By structuring the mapping phase this way, the system maximizes the strengths of both technologies, leading to highly accurate, stable, and consistent map representations for AMR navigation.

Key Takeaway: The SW architecture integrates Kudan Visual SLAM and NVIDIA Isaac Perceptor through a two-phase approach, which ensures precise localization and efficient navigation while addressing challenges like map alignment.

4. Performance Evaluation & Key Benefits

In this section, we present the evaluation results, demonstrating the performance and advantages of the integrated system.

4.1 Evaluation Environment and System Setup

The evaluation was conducted in a 3,000-square-meter operational warehouse, featuring pallet racks and a dynamic industrial environment. The Nova Carter Robot was used as the test platform, equipped with:

4 Hawk stereo cameras for 3D vision-based navigation
2 2D LiDAR units for baseline comparison
1 Hesai XT-32 3D-LiDAR for ground truth mapping and tracking
1 Laser Distance Meters for ground truth tracking

The evaluation focused on four critical performance aspects:

Mapping Quality – Accuracy in constructing a costmap to support navigation, obstacle avoidance, and path planning.
Collision Avoidance Performance – Effectiveness in detecting and avoiding obstacles in real-time.
Tracking Accuracy – Precision in maintaining accurate localization while moving through the environment.
Tracking Robustness – Stability and reliability of localization in dynamic, complex settings.

4.2 Evaluation Results

– Mapping Quality

The following image compares:

Ground Truth Map: Built using 3D-LiDAR, including all detected static and dynamic obstacles.
Nvblox Costmap: Generated exclusively from camera inputs, demonstrating accurate representation of occupied and free space.

Observations:

The Nvblox costmap successfully replicates the warehouse environment using only camera-based perception, proving its viability as an alternative to LiDAR-based mapping.
Dynamic obstacles were automatically filtered out in the Nvblox costmap using UNet Segmentation Mask, improving navigation accuracy. In contrast, the ground truth map retains all dynamic elements on purpose for comparison.
The entire map-building process was highly efficient and fully automated, requiring no manual intervention and ensuring scalability and deployment readiness.

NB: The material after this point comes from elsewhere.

(* The assignment $$\Psi:\quad\star \mapsto \bigoplus_{\mathbf{s} \in \widehat{\rm OSeq}[d]} \mathbf{s} \quad\text{ and }\quad b \mapsto M(b),$$ with $M(b)_{(\mathbf{t},\mathbf{s})} \in \operatorname{Hom}_{\mathcal{OB}(m-n)}(\mathbf{s},\mathbf{t})$ equal to the unique subdiagram of $b$ in $\widehat{\mathcal{B}}[d]_\mathbf{s}^\mathbf{t}$, or zero if such a diagram does not exist, defines a faithful functor from ${\rm Br}_d(\delta)$ to ${\rm Mat}(\mathcal{OB}(m-n))$.
   Context: Work over $\mathbb{C}$. Fix $m,n\in\mathbb{Z}_{\geq 0}$ and $d\in\mathbb{Z}_{\geq0}$. Let $V$ be a superspace of superdimension $2m|2n$ (even case) or $2m+1|2n$ (odd case) with a non-degenerate supersymmetric bilinear form, and let $\delta$ be its supertrace, i.e. $\delta=2m-2n$ in the even case and $\delta=2m+1-2n$ in the odd case. ${\rm Br}_d(\delta)$ is the Brauer algebra, with basis the set $\mathcal{B}[d]$ of Brauer diagrams (partitions of $\{1,\dots,d,1^*,\dots,d^*\}$ into $d$ two-element subsets), multiplication by concatenation with each removed closed loop giving a factor $\delta$; it is generated by $s_i$ (crossing strands $i,i+1$) and $e_i$ (cap-cup at $i,i+1$). It is regarded as a category with one object $\star$. Set ${\rm OSeq}[d]=\{\wedge,\vee\}^{\times d}$ and $\widehat{\rm OSeq}[d]=\{\wedge,\vee,\circ\}^{\times d}$ (generalized orientations). $\widehat{\mathcal{B}}[d]$ is the set of generalized Brauer diagrams on $2d$ vertices, i.e. partitions of $\{1,\dots,d,1^*,\dots,d^*\}$ into subsets of cardinality 1 or 2. For $\mathbf{s},\mathbf{t}\in\widehat{\rm OSeq}[d]$, $\widehat{\mathcal{B}}[d]_\mathbf{s}^\mathbf{t}$ is the set of $b\in\widehat{\mathcal{B}}[d]$ such that $(\mathbf{t},b,\mathbf{s})$ is oriented: if $\{i,j\}\in b$, $i\neq j$, then $\{\mathbf{t}_i,\mathbf{t}_j\}=\{\wedge,\vee\}$; if $\{i^*,j^*\}\in b$, $i\neq j$, then $\{\mathbf{s}_i,\mathbf{s}_j\}=\{\wedge,\vee\}$; if $\{i,j^*\}\in b$ then $\mathbf{t}_i=\mathbf{s}_j\in\{\wedge,\vee\}$; if $\{i\}\in b$ (resp. $\{i^*\}\in b$) then $\mathbf{t}_i=\circ$ (resp. $\mathbf{s}_i=\circ$). The oriented Brauer category $\mathcal{OB}(m-n)$ is the $\mathbb{C}$-linear category whose objects are generalized orientation sequences (of any finite length), with $\operatorname{Hom}(\mathbf{s},\mathbf{t})$ having basis $\widehat{\mathcal{B}}_\mathbf{s}^\mathbf{t}$, and composition by stacking diagrams, gluing along $\mathbf{s}$, removing internal $\circ$'s and internal closed circles, each removed circle contributing a factor $m-n$. ${\rm Mat}(\mathcal{OB}(m-n))$ is its additive closure: objects are formal finite direct sums of objects, morphisms are matrices of morphisms with matrix composition. A generalized Brauer diagram $b'$ is a subdiagram of $b$ if $b'$ refines the partition $b$, i.e. is obtained from $b$ by removing some arcs and replacing their endpoints by singletons ($\circ$'s). *)

theory Defs
  imports Complex_Main
begin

One of the key benefits of using Nvblox for costmap generation is its ability to construct fully 3D representations of the environment. The video below illustrates how Nvblox is used to build rich, structured 3D maps, providing a clearer and more detailed perception compared to traditional 2D costmaps.

– Collision Avoidance Performance

To assess real-time obstacle detection and collision avoidance capabilities, we compared Nvblox-based 3D perception with traditional 2D-LiDAR.

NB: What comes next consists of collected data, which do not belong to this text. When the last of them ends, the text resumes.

definition is_dp :: "('r::comm_ring_1, 'a) dpalg \<Rightarrow> bool" where
  "is_dp A \<longleftrightarrow> is_alg A \<and>
     (\<forall>a. gam A 1 a = a) \<and>
     (\<forall>n a b. n \<ge> 1 \<longrightarrow> gam A n (pls A a b) =
        pls A (pls A (gam A n a) (splitsum (pls A) (zer A) n (\<lambda>i j. mlt A (gam A i a) (gam A j b))))
              (gam A n b)) \<and>
     (\<forall>n a b. n \<ge> 1 \<longrightarrow> gam A n (mlt A a b) = mlt A (npow A a n) (gam A n b)) \<and>
     (\<forall>n r b. n \<ge> 1 \<longrightarrow> gam A n (scl A r b) = scl A (r ^ n) (gam A n b)) \<and>
     (\<forall>m n a. m \<ge> 1 \<longrightarrow> n \<ge> 1 \<longrightarrow>
        mlt A (gam A m a) (gam A n a) = nmul (pls A) (zer A) ((m + n) choose m) (gam A (m + n) a)) \<and>
     (\<forall>m n a. m \<ge> 1 \<longrightarrow> n \<ge> 1 \<longrightarrow>
        gam A m (gam A n a) =
          nmul (pls A) (zer A) (fact (m * n) div (fact m * fact n ^ m)) (gam A (m * n) a))"

definition dp_hom :: "('r::comm_ring_1, 'a) dpalg \<Rightarrow> ('r, 'b) dpalg \<Rightarrow> ('a \<Rightarrow> 'b) \<Rightarrow> bool" where
  "dp_hom A B f \<longleftrightarrow>
     (\<forall>x y. f (pls A x y) = pls B (f x) (f y)) \<and>
     (\<forall>r x. f (scl A r x) = scl B r (f x)) \<and>
     (\<forall>x y. f (mlt A x y) = mlt B (f x) (f y)) \<and>
     (\<forall>n x. n \<ge> 1 \<longrightarrow> f (gam A n x) = gam B n (f x))"

text \<open>A left U(A)-module is given by the action of the generators of U(A):
the scalars r in R, the elements a of A (as a \<otimes> 1) and the symbols phi_p (p prime),
subject to the defining relations of U(A).\<close>

record ('r, 'a, 'm) umod =
  mz :: 'm
  mp :: "'m \<Rightarrow> 'm \<Rightarrow> 'm"
  mn :: "'m \<Rightarrow> 'm"
  ms :: "'r \<Rightarrow> 'm \<Rightarrow> 'm"
  act :: "'a \<Rightarrow> 'm \<Rightarrow> 'm"
  phi :: "nat \<Rightarrow> 'm \<Rightarrow> 'm"

definition is_umod :: "('r::comm_ring_1, 'a) dpalg \<Rightarrow> ('r, 'a, 'm) umod \<Rightarrow> bool" where
  "is_umod A M \<longleftrightarrow> r_mod (mz M) (mp M) (mn M) (ms M) \<and>
     (\<forall>a b x. act M (pls A a b) x = mp M (act M a x) (act M b x)) \<and>
     (\<forall>a x y. act M a (mp M x y) = mp M (act M a x) (act M a y)) \<and>
     (\<forall>a b x. act M (mlt A a b) x = act M a (act M b x)) \<and>
     (\<forall>r a x. act M (scl A r a) x = ms M r (act M a x)) \<and>
     (\<forall>r a x. act M a (ms M r x) = ms M r (act M a x)) \<and>
     (\<forall>p x y. prime p \<longrightarrow> phi M p (mp M x y) = mp M (phi M p x) (phi M p y)) \<and>
     (\<forall>p x. prime p \<longrightarrow> ms M (of_nat p) (phi M p x) = mz M) \<and>
     (\<forall>p r x. prime p \<longrightarrow> phi M p (ms M r x) = ms M (r ^ p) (phi M p x)) \<and>
     (\<forall>p q x. prime p \<longrightarrow> prime q \<longrightarrow> phi M p (phi M q x) = phi M q (phi M p x)) \<and>
     (\<forall>p a x. prime p \<longrightarrow> phi M p (act M a x) = mz M)"

definition phin :: "('r, 'a, 'm) umod \<Rightarrow> nat \<Rightarrow> 'm \<Rightarrow> 'm" where
  "phin M n x =
    (if n = 1 then x
     else if (\<exists>p e. prime p \<and> n = p ^ e)
       then (let p = (SOME p. prime p \<and> (\<exists>e. n = p ^ e)) in
             (phi M p ^^ multiplicity p n) x)
       else mz M)"

definition umod_hom :: "('r::comm_ring_1, 'a) dpalg \<Rightarrow> ('r, 'a, 'm) umod \<Rightarrow> ('r, 'a, 'n) umod \<Rightarrow> ('m \<Rightarrow> 'n) \<Rightarrow> bool" where
  "umod_hom A M N h \<longleftrightarrow>
     (\<forall>x y. h (mp M x y) = mp N (h x) (h y)) \<and>
     (\<forall>r x. h (ms M r x) = ms N r (h x)) \<and>
     (\<forall>a x. h (act M a x) = act N a (h x)) \<and>
     (\<forall>p x. prime p \<longrightarrow> h (phi M p x) = phi N p (h x))"

text \<open>Restriction of scalars along U(B) \<rightarrow> U(A), b \<otimes> u \<mapsto> f b \<otimes> u.\<close>
definition restr :: "('b \<Rightarrow> 'a) \<Rightarrow> ('r, 'a, 'm) umod \<Rightarrow> ('r, 'b, 'm) umod" where
  "restr f M = \<lparr>mz = mz M, mp = mp M, mn = mn M, ms = ms M,
                act = (\<lambda>b x. act M (f b) x), phi = phi M\<rparr>"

During the test, a low-lying pallet, which was not present in the global costmap, was placed along the robot’s path.

Nvblox’s camera-based perception accurately detected the pallet in real-time, dynamically updating the costmap and enabling the robot to adjust its trajectory, successfully avoiding a collision.

Traditional 2D LiDAR, however, failed to detect the pallet due to its scanning limitations at lower heights, causing the robot to collide with the obstacle.

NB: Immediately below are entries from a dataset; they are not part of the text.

(* Let $C$ be a finite normal flag simplicial complex of dimension $d$ with $n$ vertices. Then $C$ satisfies the non-revisiting path property; in particular $\operatorname{diam}(C)\le n-d-1$.
   Context: A simplicial complex is flag if every inclusion-minimal set of vertices that does not form a face has exactly $2$ elements. For a face $\sigma$ of $C$, the star $\mathrm{St}(\sigma,C)$ is the smallest subcomplex of $C$ containing all faces of $C$ that contain $\sigma$. For a pure simplicial $d$-complex $C$, the dual graph (facet-ridge graph) $G^\ast(C)$ has the $d$-faces (facets) of $C$ as vertices, two facets being adjacent if they intersect in a $(d-1)$-face. A pure simplicial complex $C$ is normal if $G^\ast(\mathrm{St}(\sigma,C))$ is connected for every face $\sigma$ of $C$, including the empty face (whose star is $C$). $\operatorname{diam}(C)$ is the diameter of $G^\ast(C)$. A facet path is a map $\Gamma$ from an integer interval $I$ to the set of facets such that consecutive facets $\Gamma(i),\Gamma(i+1)$ intersect in a $(d-1)$-face. A facet path $\Gamma$ is non-revisiting if whenever $\Gamma(i)$ and $\Gamma(j)$ both lie in $\mathrm{St}(v,C)$ for some vertex $v$, then $\Gamma(k)\in\mathrm{St}(v,C)$ for all $k$ between $i$ and $j$. $C$ has the non-revisiting path property if any two facets of $C$ are joined by a non-revisiting facet path. *)

theory Defs
  imports Main
begin

definition simplicial_complex :: "'a set set \<Rightarrow> bool" where
  "simplicial_complex C \<longleftrightarrow> {} \<in> C \<and> (\<forall>\<sigma>\<in>C. finite \<sigma>) \<and> (\<forall>\<sigma>\<in>C. \<forall>\<tau>. \<tau> \<subseteq> \<sigma> \<longrightarrow> \<tau> \<in> C)"

definition vertices :: "'a set set \<Rightarrow> 'a set" where
  "vertices C = \<Union>C"

definition facets :: "'a set set \<Rightarrow> 'a set set" where
  "facets C = {\<sigma>\<in>C. \<forall>\<tau>\<in>C. \<sigma> \<subseteq> \<tau> \<longrightarrow> \<tau> = \<sigma>}"

definition has_dim :: "'a set set \<Rightarrow> nat \<Rightarrow> bool" where
  "has_dim C d \<longleftrightarrow> (\<exists>\<sigma>\<in>C. card \<sigma> = d + 1) \<and> (\<forall>\<sigma>\<in>C. card \<sigma> \<le> d + 1)"

definition pure :: "'a set set \<Rightarrow> bool" where
  "pure C \<longleftrightarrow> (\<forall>F\<in>facets C. \<forall>G\<in>facets C. card F = card G)"

definition flag :: "'a set set \<Rightarrow> bool" where
  "flag C \<longleftrightarrow> (\<forall>S. S \<subseteq> vertices C \<and> S \<notin> C \<and> (\<forall>T. T \<subset> S \<longrightarrow> T \<in> C) \<longrightarrow> card S = 2)"

definition St :: "'a set \<Rightarrow> 'a set set \<Rightarrow> 'a set set" where
  "St \<sigma> C = {\<tau>\<in>C. \<exists>\<rho>\<in>C. \<sigma> \<subseteq> \<rho> \<and> \<tau> \<subseteq> \<rho>}"

definition ridge_adj :: "'a set \<Rightarrow> 'a set \<Rightarrow> bool" where
  "ridge_adj F G \<longleftrightarrow> card F = card G \<and> card (F \<inter> G) + 1 = card F"

text \<open>A facet path in K, represented by the list of its facets
(indices 0..length-1 play the role of the integer interval).\<close>
definition facet_path :: "'a set set \<Rightarrow> 'a set list \<Rightarrow> bool" where
  "facet_path K xs \<longleftrightarrow> xs \<noteq> [] \<and> set xs \<subseteq> facets K \<and>
     (\<forall>i. Suc i < length xs \<longrightarrow> ridge_adj (xs ! i) (xs ! Suc i))"

definition path_between :: "'a set set \<Rightarrow> 'a set list \<Rightarrow> 'a set \<Rightarrow> 'a set \<Rightarrow> bool" where
  "path_between K xs F G \<longleftrightarrow> facet_path K xs \<and> hd xs = F \<and> last xs = G"

definition dual_connected :: "'a set set \<Rightarrow> bool" where
  "dual_connected K \<longleftrightarrow> (\<forall>F\<in>facets K. \<forall>G\<in>facets K. \<exists>xs. path_between K xs F G)"

text \<open>Normal: pure and the dual graph of every star (including that of the empty face,
which is C itself) is connected.\<close>
definition normal :: "'a set set \<Rightarrow> bool" where
  "normal C \<longleftrightarrow> pure C \<and> (\<forall>\<sigma>\<in>C. dual_connected (St \<sigma> C))"

definition non_revisiting :: "'a set set \<Rightarrow> 'a set list \<Rightarrow> bool" where
  "non_revisiting C xs \<longleftrightarrow> (\<forall>v\<in>vertices C. \<forall>i j k. i \<le> k \<and> k \<le> j \<and> j < length xs \<and>
      xs ! i \<in> St {v} C \<and> xs ! j \<in> St {v} C \<longrightarrow> xs ! k \<in> St {v} C)"

definition non_revisiting_path_property :: "'a set set \<Rightarrow> bool" where
  "non_revisiting_path_property C \<longleftrightarrow>
     (\<forall>F\<in>facets C. \<forall>G\<in>facets C. \<exists>xs. path_between C xs F G \<and> non_revisiting C xs)"

definition facet_dist :: "'a set set \<Rightarrow> 'a set \<Rightarrow> 'a set \<Rightarrow> nat" where
  "facet_dist C F G = (LEAST k. \<exists>xs. path_between C xs F G \<and> length xs = k + 1)"

definition diam :: "'a set set \<Rightarrow> nat" where
  "diam C = Max {facet_dist C F G | F G. F \<in> facets C \<and> G \<in> facets C}"

end

theory Submission
  imports Defs
begin
(* Let $p\ge1$, $n\ge1$, and $u\in X^n\setminus\{0^n\}$ with decomposition $u=0^ka_1u_1a_2u_2\cdots a_tu_t$. Let $\mathcal P^u_n=(P^n_1(u),\dots,P^n_{m_u}(u))$ be the path of cycles of $u$ in $\Gamma^p_n$. Then: (1) $m_u=t$; (2) for each $j=1,\dots,t$, writing $N_j=k+j+\sum_{\ell=1}^j|u_\ell|$, the cycle $P^n_j(u)$ is the $e_{a_j}$-cycle with vertex set $\{0,a_j\}^{N_j}a_{j+1}u_{j+1}\cdots a_tu_t$ (so in particular $P^n_t(u)=C_n^{a_t}$); (3) the sequence of lengths is $\mathcal L^u_n=(2^{N_1},2^{N_2},\dots,2^{N_t})$, with $2^{N_t}=2^n$.
   Context: $X=\{0,1,\dots,p\}$; $\mathcal G_{S_p}$ is generated by $e_1,\dots,e_p$ acting on $X^\ast$ by $e_i(0w)=i\,e_i(w)$, $e_i(iw)=0w$, $e_i(jw)=jw$ for $j\notin\{0,i\}$. $\Gamma^p_n$ is the Schreier graph on $X^n$ with an edge labelled $e_j$ joining $v$ and $e_j(v)$ for all $v,j$. An $e_j$-cycle is the $\langle e_j\rangle$-orbit of a vertex together with its $e_j$-labelled edges; $C_n^i$ is the $e_i$-cycle with vertex set $\{0,i\}^n$. Decomposition: every $u\in X^n\setminus\{0^n\}$ is uniquely written $u=0^ka_1u_1\cdots a_tu_t$ with $k\ge0$, $a_j\in\{1,\dots,p\}$, $a_{j+1}\ne a_j$, $u_j\in\{0,a_j\}^\ast$. Path of cycles: consider the bipartite graph $B_n$ whose vertices are the vertices of $\Gamma^p_n$ and the $e$-cycles of length $\ge2$, a vertex being joined to each such cycle containing it; $B_n$ is a tree. Removing $0^n$ from $\Gamma^p_n$ leaves $p$ components; the $i$-th petal is the one containing $C_n^i\setminus\{0^n\}$. For $u\ne0^n$ in the $i$-th petal, the path of cycles $\mathcal P^u_n=(P^n_1(u),\dots,P^n_{m_u}(u))$ is the sequence of cycles met, in order, along the unique path in $B_n$ from $u$ to $C_n^i$ (so $u\in P^n_1(u)$ and $P^n_{m_u}(u)=C_n^i$), and $\mathcal L^u_n$ is the sequence of their lengths. *)

theory Defs
  imports Main
begin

Comparison of detection results for low-lying pallet between Nvblox and 2D-LiDAR

Similar tests were conducted with various obstacles, including human workers, boxes, loose cables, and low-reflectivity objects. In all cases, Nvblox exhibited equal or superior obstacle avoidance performance.

This evaluation highlights a critical advantage of camera-based 3D mapping: the ability to detect and react to unexpected obstacles across different heights, significantly enhancing navigation safety in dynamic and unstructured environments.

– Tracking Accuracy

To assess the localization accuracy of Kudan Visual SLAM, we conducted the following controlled tests, focused on the system’s ability to maintain precise localization while navigating through different scenarios.

Test Scenarios

Two distinct navigation patterns were tested:

Straight-Line Navigation – The robot moves in a 25-meter-long linear path to assess drift and consistency.
Circular Navigation – The robot follows a 30-meter-long looped trajectory to assess drift and localization stability with turns.

Evaluation Metrics

The accuracy assessment was based on two key criteria:

Goal-Point Accuracy: The precision in reaching pre-defined target locations.
Trajectory Accuracy: The deviation of the estimated trajectory from the ground truth.

Ground Truth Reference

To ensure reliable benchmarking, we used:

3D LiDAR-based localization (e.g., Kudan 3D-LiDAR SLAM) as the trajectory reference.
Laser Distance Meters to validate goal-point accuracy.

Testing Methodology

To ensure statistical reliability, each test scenario was repeated 10 times under identical conditions.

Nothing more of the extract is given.